I have to use an icinga instance from time to time (icinga is a nagios fork). I ...

hnarn · on July 22, 2020

> I really can't see the value, beyond seeing if a service is up or down.

This is an extreme oversimplification. The value is not in "seeing" if something is "up or down", the value is in the modularity of what a "service" can mean in the first place (anything you can script -- and the eco-system of plugins is huge), the fact that you don't have to "see" it (because notifications are extremely modular), the fact that escalations of issues can happen automatically if they are not resolved, and the fact that event-handlers in many cases can help you resolve the issue automatically without even having to raise an alert in the first place.

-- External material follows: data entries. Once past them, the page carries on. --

lemma arc_in_out_E0:
  assumes "k < n" "node (2 * k + 1) \<in> E0 E indN"
  shows "\<not> indN (insert (node (2 * k + 2)) I) \<and> node (2 * k + 1) \<in> fcirc E indN (node (2 * k + 2)) I \<and>
    node (2 * k + 2) \<in> E0 E indN"
proof -
  have inI: "node (2 * k + 1) \<in> I" "node (2 * k + 2) \<notin> I"
    using node_in_I_iff[of "2 * k + 1"] node_in_I_iff[of "2 * k + 2"] assms(1) by auto
  then have dep: "\<not> indN (insert (node (2 * k + 2)) I)"
    and mem: "node (2 * k + 1) \<in> fcirc E indN (node (2 * k + 2)) I"
    using arc_node[of "2 * k + 1"] assms unfolding arc_iff E1_def by auto
  have "node (2 * k + 2) \<in> E" using node_in_ground assms(1) by simp
  note C = N.fundamental_circuit[OF _ this inI(2) dep]
  have "fcirc E indN (node (2 * k + 2)) I \<subseteq> E0 E indN"
    using N.circuit_subset_E0[OF C(1) mem assms(2)] feasible unfolding feasible_def by blast
  then show ?thesis using dep mem C(3) feasible unfolding feasible_def by blast
qed

lemma arc_in_out_E1:
  assumes "k < n" "node (2 * k + 1) \<notin> E0 E indN"
  shows "\<not> dual E indN (insert (node (2 * k + 1)) S) \<and>
    node (2 * k + 2) \<in> fcirc E (dual E indN) (node (2 * k + 1)) S \<and> node (2 * k + 2) \<in> S"
proof -
  have inI: "node (2 * k + 1) \<in> I" using node_in_I_iff[of "2 * k + 1"] assms(1) by simp
  have E: "node (2 * k + 1) \<in> E" using node_in_ground assms(1) by simp
  have dep: "\<not> dual E indN (insert (node (2 * k + 1)) S)"
    and mem: "node (2 * k + 2) \<in> fcirc E (dual E indN) (node (2 * k + 1)) S - {node (2 * k + 1)}"
    using arc_node[of "2 * k + 1"] assms inI E unfolding arc_iff E1_def S_def by auto
  have "node (2 * k + 1) \<notin> S" using inI S_disjoint by blast
  then have "node (2 * k + 2) \<in> S" using mem Ns.fundamental_circuit(2)[OF S_coindep E _ dep] by blast
  then show ?thesis using dep mem by blast
qed

lemma arcI_M:
  assumes "k \<le> 2 * n" "l \<le> 2 * n" "k \<noteq> l" "node k \<notin> I"
    and "\<not> indM (insert (node k) I)" "node l \<in> fcirc E indM (node k) I"
  shows "arc E indM indN I (node k) (node l)"
  using assms node_in_ground node_eq_iff unfolding arc_def by simp

lemma arcI_N:
  assumes "k \<le> 2 * n" "l \<le> 2 * n" "node k \<in> I" "node k \<in> E0 E indN" "node l \<notin> I"
    and "\<not> indN (insert (node l) I)" "node k \<in> fcirc E indN (node l) I"
  shows "arc E indM indN I (node k) (node l)"
  using assms node_in_ground unfolding arc_def by simp

lemma arcI_dual:
  assumes "k \<le> 2 * n" "l \<le> 2 * n" "k \<noteq> l" "node k \<in> I" "node k \<notin> E0 E indN"
    and "\<not> dual E indN (insert (node k) S)" "node l \<in> fcirc E (dual E indN) (node k) S"
  shows "arc E indM indN I (node k) (node l)"
  using assms node_in_ground node_eq_iff S_coindep unfolding arc_def E1_def S_def Let_def by simp

lemma M_exchange:
  defines "J \<equiv> insert (node (2 * n)) I"
  shows "indM (J - (\<lambda>k. node (2 * k + 1)) ` {..<n} \<union> (\<lambda>k. node (2 * k)) ` {..<n}) \<and>
    span E indM (J - (\<lambda>k. node (2 * k + 1)) ` {..<n} \<union> (\<lambda>k. node (2 * k)) ` {..<n}) = span E indM J"
proof -
  have indI: "indM I" using feasible unfolding feasible_def by blast
  have indJ: "indM J"
    using last_node(3) M.span_indep_iff[OF indI] node_in_ground[of "2 * n"] unfolding J_def by blast
  have circ: "node (2 * k) \<notin> J \<and> \<not> indM (insert (node (2 * k)) J) \<and>
      fcirc E indM (node (2 * k)) J = fcirc E indM (node (2 * k)) I" if k: "k < n" for k
  proof -
    have out: "node (2 * k) \<notin> I" using node_in_I_iff[of "2 * k"] k by simp
    moreover have "node (2 * k) \<noteq> node (2 * n)" using node_eq_iff[of "2 * k" "2 * n"] k by simp
    ultimately have outJ: "node (2 * k) \<notin> J" unfolding J_def by blast
    have E: "node (2 * k) \<in> E" using node_in_ground k by simp
    have "fcirc E indM (node (2 * k)) I \<subseteq> insert (node (2 * k)) J"
      using M.fundamental_circuit(2)[OF indI E out] arc_out_in[OF k] unfolding J_def by blast
    then show ?thesis using M.fcirc_transfer[OF indI indJ E out outJ] arc_out_in[OF k] outJ by blast
  qed
  show ?thesis
  proof (rule M.multi_exchange[OF indJ finite_lessThan])
    fix k assume "k \<in> {..<n}"
    then have k: "k < n" by simp
    have "node (2 * k + 1) \<in> I" using node_in_I_iff[of "2 * k + 1"] k by simp
    then show "node (2 * k) \<in> E \<and> node (2 * k) \<notin> J \<and> node (2 * k + 1) \<in> J \<and>
        \<not> indM (insert (node (2 * k)) J) \<and> node (2 * k + 1) \<in> fcirc E indM (node (2 * k)) J"
      using circ[OF k] arc_out_in[OF k] node_in_ground[of "2 * k"] k unfolding J_def by simp
  next
    show "inj_on (\<lambda>k. node (2 * k)) {..<n}" "inj_on (\<lambda>k. node (2 * k + 1)) {..<n}"
      using node_eq_iff unfolding inj_on_def by auto
  next
    fix K' assume K': "K' \<subseteq> {..<n}" "K' \<noteq> {}"
    show "\<exists>m\<in>K'. \<forall>k\<in>K' - {m}. node (2 * m + 1) \<notin> fcirc E indM (node (2 * k)) J"
    proof (rule ex_max_related[OF finite_subset[OF K'(1) finite_lessThan] K'(2)])
      fix k m assume "k \<in> K'" "m \<in> K'" "k < m"
      then have km: "k < m" "m < n" using K'(1) by auto
      have "\<not> arc E indM indN I (node (2 * k)) (node (2 * m + 1))" using no_shortcut km by simp
      then show "node (2 * m + 1) \<notin> fcirc E indM (node (2 * k)) J"
        using arcI_M[of "2 * k" "2 * m + 1"] circ[of k] arc_out_in[of k] node_in_I_iff[of "2 * k"] km
        by auto
    qed
  qed
qed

Nagios is a monitoring tool built with the UNIX philosophy in mind, and it's ingenious in its simplicity: decide state based on script or binary exit codes, relate dependencies between objects to avoid unnecessary troubleshooting, notify if necessary (again, with scripts/binaries) and/or try to resolve if configured. It hooks into a server frame of mind very well if you're a sysadmin.

Sure, if you main use case is "mutating data sources" and collecting metrics, any Nagios flavor won't be for you, because it's not what Nagios is made to do. There's a reason it's extremely popular in large enterprises, because it was created for them. No monitoring solution is for everyone and solves every problem.